- Genre: NFL
- Starring: Hosts: Kyle Brandt; Jamie Erdahl; Manti Teʻo; Reporter:; Sherree Burruss; Analysts:; Ron Rivera; Michael Robinson; Isaiah Stanback; Insiders:; Mike Garafolo; Ian Rapoport; Past Hosts:; Kay Adams; Nate Burleson; Akbar Gbaja-Biamila; Jason McCourty; Peter Schrager; Colleen Wolfe (weekends);
- Country of origin: United States

Production
- Executive producers: Michael Davies Bill Hentschel Becky Orenstein
- Production locations: CBS Broadcast Center, New York City (2016–2018) The NFL Experience, Times Square, New York City (2018) SNY, 4 World Trade Center, New York City (2018–March 2024) NFL Network's studios, Inglewood, California (April 1, 2024-present, Weekday) NFL Films, Mount Laurel, New Jersey (weekends)
- Running time: 120 minutes
- Production company: Embassy Row

Original release
- Network: NFL Network
- Release: August 1, 2016 – present

= Good Morning Football =

Original program on NFL Network

Good Morning Football, often abbreviated as GMFB, is a live NFL morning television program on NFL Network. The program premiered on Monday, August 1, 2016. It airs from 8 a.m. to 10 a.m. ET.

The program is hosted by Kyle Brandt, Jamie Erdahl, and Manti Teʻo. NFL reporter Sherree Burruss gives news updates. NFL analysts Ron Rivera, Michael Robinson, and Isaiah Stanback appear regularly.
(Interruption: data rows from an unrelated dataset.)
lemma mod_energy_equiv:
  assumes "is_potential (dens_gap f g) \<psi>" and "0 \<le> e" and "e \<le> eps_equiv rho len Dm"
  shows "energy f g / 2 \<le> mod_energy e f g \<psi>" and "mod_energy e f g \<psi> \<le> 3 / 2 * energy f g"
proof -
  define K where "K = equiv_const rho * (2 / Dm + 8 * len\<^sup>2)"
  have "0 < K"
    using equiv_const_pos[OF rho_pos] Dm_pos by (simp add: K_def add_pos_nonneg)
  have "eps_equiv rho len Dm = 1 / (2 * K)"
    by (simp add: eps_equiv_def K_def mult.assoc)
  then have "e * K \<le> 1 / 2"
    using assms(3) \<open>0 < K\<close> by (simp add: le_divide_eq mult_ac)
  have "e * \<bar>2 * xsum (\<lambda>i. flux_gap f g i * \<psi> i)\<bar> \<le> e * (K * energy f g)"
    using correction_le[OF assms(1)] assms(2) unfolding K_def by (rule mult_left_mono)
  also have "\<dots> \<le> 1 / 2 * energy f g"
    unfolding mult.assoc[symmetric] using \<open>e * K \<le> 1 / 2\<close> energy_nonneg[of f g]
    by (rule mult_right_mono)
  finally have "e * \<bar>2 * xsum (\<lambda>i. flux_gap f g i * \<psi> i)\<bar> \<le> energy f g / 2"
    by simp
  then have "\<bar>2 * e * xsum (\<lambda>i. flux_gap f g i * \<psi> i)\<bar> \<le> energy f g / 2"
    using assms(2) by (simp add: abs_mult mult_ac)
  then show "energy f g / 2 \<le> mod_energy e f g \<psi>" and "mod_energy e f g \<psi> \<le> 3 / 2 * energy f g"
    unfolding mod_energy_def by linarith+
qed

definition transport :: "phase \<Rightarrow> phase" where
  "transport h i j = v j * cdiff N (\<lambda>k. h k j) i / (2 * dx) - lam / dx * lap N (\<lambda>k. h k j) i"

definition coll_f :: "phase \<Rightarrow> phase \<Rightarrow> phase" where
  "coll_f f g i j = rho * mom0 (g i) * chi1 j + f i j / rho"

definition coll_g :: "phase \<Rightarrow> phase \<Rightarrow> phase" where
  "coll_g f g i j = mom0 (f i) / rho * chi2 j + rho * g i j"

definition opB_f :: "phase \<Rightarrow> phase \<Rightarrow> phase" where
  "opB_f f g i j = transport f i j + coll_f f g i j"

definition opB_g :: "phase \<Rightarrow> phase \<Rightarrow> phase" where
  "opB_g f g i j = transport g i j + coll_g f g i j"

lemma LF_flux_diff:
  "(LF_flux dv lam (v j) (h i j) (h (nxt N i) j) - LF_flux dv lam (v j) (h (prv N i) j) (h i j)) / (dx * dv)
    = transport h i j"
  unfolding LF_flux_def transport_def cdiff_def lap_def using dx_pos dv_pos by (simp add: field_simps)

lemma scheme_step:
  assumes "scheme N L dx dv dt lam rho chi1 chi2 f g" and "0 < dt" and "i < N" and "j \<in> J"
  shows "f n i j = f (Suc n) i j + dt * opB_f (f (Suc n)) (g (Suc n)) i j"
    and "g n i j = g (Suc n) i j + dt * opB_g (f (Suc n)) (g (Suc n)) i j"
  using assms(1)[unfolded scheme_def, rule_format, OF assms(3,4), of n] assms(2)
  unfolding LF_flux_diff dens_eq_mom0 by (auto simp: opB_f_def opB_g_def coll_f_def coll_g_def field_simps)

definition current_gap :: "phase \<Rightarrow> phase \<Rightarrow> nat \<Rightarrow> real" where
  "current_gap f g i = mom1 (f i) - mom1 (g i)"

definition pressure_gap :: "phase \<Rightarrow> phase \<Rightarrow> nat \<Rightarrow> real" where
  "pressure_gap f g i = mom2 (f i) / D1 - mom2 (g i) / D2"

definition relax_gap :: "phase \<Rightarrow> phase \<Rightarrow> nat \<Rightarrow> real" where
  "relax_gap f g i = mom1 (f i) / (rho * D1) - rho * mom1 (g i) / D2"

lemma mom_transport:
  "mom w (transport h i)
    = cdiff N (\<lambda>k. mom (\<lambda>j. w j * v j) (h k)) i / (2 * dx) - lam / dx * lap N (\<lambda>k. mom w (h k)) i"
  unfolding mom_def transport_def cdiff_def lap_def
  by (simp add: diff_divide_distrib sum_subtractf sum.distrib sum_distrib_left sum_divide_distrib
      algebra_simps)
(* Let $\Omega=\mathbb{C}[x_1,\dots,x_n]\otimes\wedge\mathbb{C}^n$ and let $\mathcal{I}_n$ be its ideal generated by $p_1,\dots,p_n,dp_1,\dots,dp_n$, where $p_j=\sum_ix_i^j$ and $d$ is the exterior derivative. Let $1\le r\le n$. If $f\in\mathbb{C}[x_r,\dots,x_n]$ is homogeneous of degree $l>(r-2)(n-r+1)$, then $f\,dx_r\wedge\cdots\wedge dx_n\in\mathcal{I}_n$. *)

theory Defs
  imports Complex_Main "HOL-Library.Poly_Mapping"
begin

text \<open>Polynomials in countably many variables x_i (i :: nat) over the complex numbers:
  a monomial is an exponent vector (finitely supported nat-valued map), a polynomial a finitely supported
  coefficient map.\<close>
type_synonym mpoly = "(nat \<Rightarrow>\<^sub>0 nat) \<Rightarrow>\<^sub>0 complex"

text \<open>A polynomial differential form: the coefficient of dx_S (S a finite set of indices,
  dx_S = dx_{s1} wedge ... wedge dx_{sk} with s1 < ... < sk) is given by the function value at S.\<close>
type_synonym pform = "nat set \<Rightarrow> mpoly"

definition var :: "nat \<Rightarrow> mpoly" where
  "var i = Poly_Mapping.single (Poly_Mapping.single i 1) 1"

definition pdiff :: "nat \<Rightarrow> mpoly \<Rightarrow> mpoly" where
  "pdiff i f = (\<Sum>(m::nat \<Rightarrow>\<^sub>0 nat)\<in>Poly_Mapping.keys f. Poly_Mapping.single (m - Poly_Mapping.single i 1)
                                 (of_nat (Poly_Mapping.lookup m i) * Poly_Mapping.lookup f m :: complex))"

text \<open>Sign of dx_S wedge dx_T, rewritten in increasing order (number of inversions).\<close>
definition wsign :: "nat set \<Rightarrow> nat set \<Rightarrow> int" where
  "wsign S T = (-1) ^ card {(s,t). s \<in> S \<and> t \<in> T \<and> t < s}"

definition wedge :: "pform \<Rightarrow> pform \<Rightarrow> pform" where
  "wedge \<omega> \<eta> U = (\<Sum>S\<in>Pow U. of_int (wsign S (U - S)) * \<omega> S * \<eta> (U - S))"

definition ext_d :: "pform \<Rightarrow> pform" where
  "ext_d \<omega> U = (\<Sum>i\<in>U. of_int (wsign {i} (U - {i})) * pdiff i (\<omega> (U - {i})))"

definition zero_form :: "mpoly \<Rightarrow> pform" where
  "zero_form f = (\<lambda>S. if S = {} then f else 0)"

definition Omega :: "nat \<Rightarrow> pform set" where
  "Omega n = {\<omega>. \<forall>S. \<omega> S \<noteq> 0 \<longrightarrow> S \<subseteq> {1..n} \<and> (\<forall>m\<in>Poly_Mapping.keys (\<omega> S). Poly_Mapping.keys m \<subseteq> {1..n})}"

inductive_set gen_ideal :: "nat \<Rightarrow> pform set \<Rightarrow> pform set" for n G where
  gen: "g \<in> G \<Longrightarrow> g \<in> gen_ideal n G"
| zero: "(\<lambda>U. 0) \<in> gen_ideal n G"
| add: "a \<in> gen_ideal n G \<Longrightarrow> b \<in> gen_ideal n G \<Longrightarrow> (\<lambda>U. a U + b U) \<in> gen_ideal n G"
| lmult: "a \<in> gen_ideal n G \<Longrightarrow> \<omega> \<in> Omega n \<Longrightarrow> wedge \<omega> a \<in> gen_ideal n G"
| rmult: "a \<in> gen_ideal n G \<Longrightarrow> \<omega> \<in> Omega n \<Longrightarrow> wedge a \<omega> \<in> gen_ideal n G"

definition power_sum :: "nat \<Rightarrow> nat \<Rightarrow> mpoly" where
  "power_sum n j = (\<Sum>i=1..n. var i ^ j)"

definition I_n :: "nat \<Rightarrow> pform set" where
  "I_n n = gen_ideal n ((\<lambda>j. zero_form (power_sum n j)) ` {1..n}
                      \<union> (\<lambda>j. ext_d (zero_form (power_sum n j))) ` {1..n})"

definition homogeneous_in :: "nat set \<Rightarrow> nat \<Rightarrow> mpoly \<Rightarrow> bool" where
  "homogeneous_in V l f \<longleftrightarrow> (\<forall>m\<in>Poly_Mapping.keys f. Poly_Mapping.keys m \<subseteq> V \<and> (\<Sum>i\<in>Poly_Mapping.keys m. Poly_Mapping.lookup m i) = l)"

end

(*
  Write Y = {r..n}, h_k(Y) for the complete homogeneous symmetric polynomial of degree k in the
  variables x_r, ..., x_n, and P for the polynomial ideal generated by the power sums p_1, ..., p_n.

  Newton's identities put h_d(x_1, ..., x_n) into P for 1 <= d <= n, and the recursion
  h_d(x_(t+1), ..., x_n) = h_d(x_t, ..., x_n) - x_t h_(d-1)(x_t, ..., x_n) then gives h_r(Y) in P.
  Since g in P implies that both g and dg lie in I_n, the product dh_r(Y) wedge dx_(Y - {i}) shows
  that (d_i h_r(Y)) dx_Y lies in I_n for every i in Y.

  It remains to see that the ideal of C[x_Y] generated by the partial derivatives
  d_i h_r(Y) = h_(r-1)(x_i, Y) contains every monomial of degree > (r-2)|Y|. This is an induction
  over weights kappa_i, where h_k(x_i, Y) with kappa_i <= k + 1 <= r are the generators and
  monomials of degree > sum_i (kappa_i - 2) are reached: raising the largest weight kappa_j costs
  one factor x_j because
  x_j h_k(x_j, Y) = h_(k+1)(x_j, Y) - h_(k+1)(Y)  and  sum_i h_(k+1)(x_i, Y) = (|Y| + k + 1) h_(k+1)(Y),
  and monomials free of x_j are handled by the induction hypothesis for Y - {x_j}.
*)

theory Submission
  imports Defs "HOL-Library.Multiset"
begin

section \<open>Polynomials: variables, degree and partial derivatives\<close>

definition vars :: "mpoly \<Rightarrow> nat set" where
  "vars p = (\<Union>m\<in>Poly_Mapping.keys p. Poly_Mapping.keys m)"

definition monom_deg :: "(nat \<Rightarrow>\<^sub>0 nat) \<Rightarrow> nat" where
  "monom_deg a = (\<Sum>i\<in>Poly_Mapping.keys a. Poly_Mapping.lookup a i)"

lemma keys_add_nat: "Poly_Mapping.keys (a + b) = Poly_Mapping.keys a \<union> Poly_Mapping.keys (b :: nat \<Rightarrow>\<^sub>0 nat)"
  by (auto simp: in_keys_iff lookup_add)

lemma keys_diff_nat: "Poly_Mapping.keys (a - b) \<subseteq> Poly_Mapping.keys (a :: nat \<Rightarrow>\<^sub>0 nat)"
  by (auto simp: in_keys_iff lookup_minus)

lemma single_add_diff_single:
  "Poly_Mapping.lookup a j \<noteq> 0 \<Longrightarrow> Poly_Mapping.single j 1 + (a - Poly_Mapping.single j 1) = (a :: nat \<Rightarrow>\<^sub>0 nat)"
  by (intro poly_mapping_eqI) (auto simp: lookup_add lookup_minus lookup_single when_def)

lemma keys_single_mult:
  assumes "b \<in> Poly_Mapping.keys (Poly_Mapping.single a c * g)"
  shows "\<exists>b'. b = a + b' \<and> b' \<in> Poly_Mapping.keys (g :: mpoly)"
proof -
  from assms keys_mult obtain a' b' where "b = a' + b'" "a' \<in> Poly_Mapping.keys (Poly_Mapping.single a c)"
    "b' \<in> Poly_Mapping.keys g"
    by blast
  then show ?thesis
    by (auto split: if_splits)
qed

lemma monom_deg_superset:
  "finite K \<Longrightarrow> Poly_Mapping.keys a \<subseteq> K \<Longrightarrow> monom_deg a = (\<Sum>i\<in>K. Poly_Mapping.lookup a i)"
  unfolding monom_deg_def by (rule sum.mono_neutral_left) (auto simp: in_keys_iff)

lemma monom_deg_add: "monom_deg (a + b) = monom_deg a + monom_deg b"
proof -
  let ?K = "Poly_Mapping.keys a \<union> Poly_Mapping.keys b"
  have "monom_deg (a + b) = (\<Sum>i\<in>?K. Poly_Mapping.lookup (a + b) i)"
    by (rule monom_deg_superset) (auto simp: keys_add_nat)
  also have "\<dots> = (\<Sum>i\<in>?K. Poly_Mapping.lookup a i) + (\<Sum>i\<in>?K. Poly_Mapping.lookup b i)"
    by (simp add: lookup_add sum.distrib)
  also have "\<dots> = monom_deg a + monom_deg b"
    by (simp add: monom_deg_superset[symmetric])
  finally show ?thesis .
qed

lemma monom_deg_single [simp]: "monom_deg (Poly_Mapping.single i k) = k"
  by (simp add: monom_deg_def)

lemma monom_deg_zero [simp]: "monom_deg 0 = 0"
  by (simp add: monom_deg_def)

lemma sum_single_lookup: "(\<Sum>a\<in>Poly_Mapping.keys p. Poly_Mapping.single a (Poly_Mapping.lookup p a)) = p"
  by (rule poly_mapping_eqI) (simp add: lookup_sum lookup_single when_def in_keys_iff)

lemma single_inverse_mult_of_nat: "Poly_Mapping.single 0 (1 / of_nat (Suc k)) * (of_nat (Suc k) * p) = (p :: mpoly)"
  by (simp del: of_nat_Suc add: mult.assoc[symmetric] mult_single flip: single_of_nat)

lemma vars_add: "vars (p + q) \<subseteq> vars p \<union> vars q"
  unfolding vars_def using keys_add[of p q] by auto

lemma vars_sum: "vars (sum F A) \<subseteq> (\<Union>x\<in>A. vars (F x))"
proof (induction A rule: infinite_finite_induct)
  case (insert x A)
  then show ?case using vars_add[of "F x" "sum F A"] by auto
qed (auto simp: vars_def)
NFL insiders Mike Garafolo and Ian Rapoport are featured all throughout the week.

==Production==
Good Morning Football replaced earlier attempts by NFL Network at a morning television program, including NFL AM and NFL HQ. Unlike its predecessors, which were filmed at network studios in Culver City, California, the show is produced live on the east coast. The move was made, in part, because doing the show required the live broadcasts to begin at 4 a.m. Pacific Time. According to chief content officer of NFL Media Jordan Levin, "There’s an energy to morning programming. The challenge is compounded when you have people who are literally doing the show in the middle of the night." The weekday program first utilized the CBS Broadcast Center on West 57th Street as a condition of CBS holding the rights to Thursday Night Football.

Good Morning Football is the first NFL Network program to originate in New York since the network's launch in 2003. Sony Pictures Television's Embassy Row handles production of the show, with its CEO Michael Davies as the executive producer.

In May 2018, the weekday program moved from the CBS Broadcast Center to 20 Times Square, inside a studio constructed within the new NFL Experience attraction. With the planned closure of the attraction, the show moved to SportsNet New York's studios at 4 World Trade Center with a new set debuting November 5, 2018. The weekend program is broadcast from NFL Films in Mt. Laurel, New Jersey.

On April 25 and 26, 2019, the program was simulcast by ESPN2 as part of coverage of the 2019 NFL draft (which would see personalities from ESPN and NFL Network appearing as contributors on each other's studio programs).

In March 2024, it was reported that the program would relocate to the NFL Network's Inglewood studios ahead of the 2024 NFL season In addition, on May 9, 2024, it was announced that Sony Pictures Television would syndicate an extension of Good Morning Football that will air alongside the portion on NFL Network, with CBS Media Ventures handling ad sales, and Fox Television Stations (the local station division of NFL broadcaster Fox) as its core station group. The syndicated show is branded GMFB: Overtime and is also available to stream on The Roku Channel.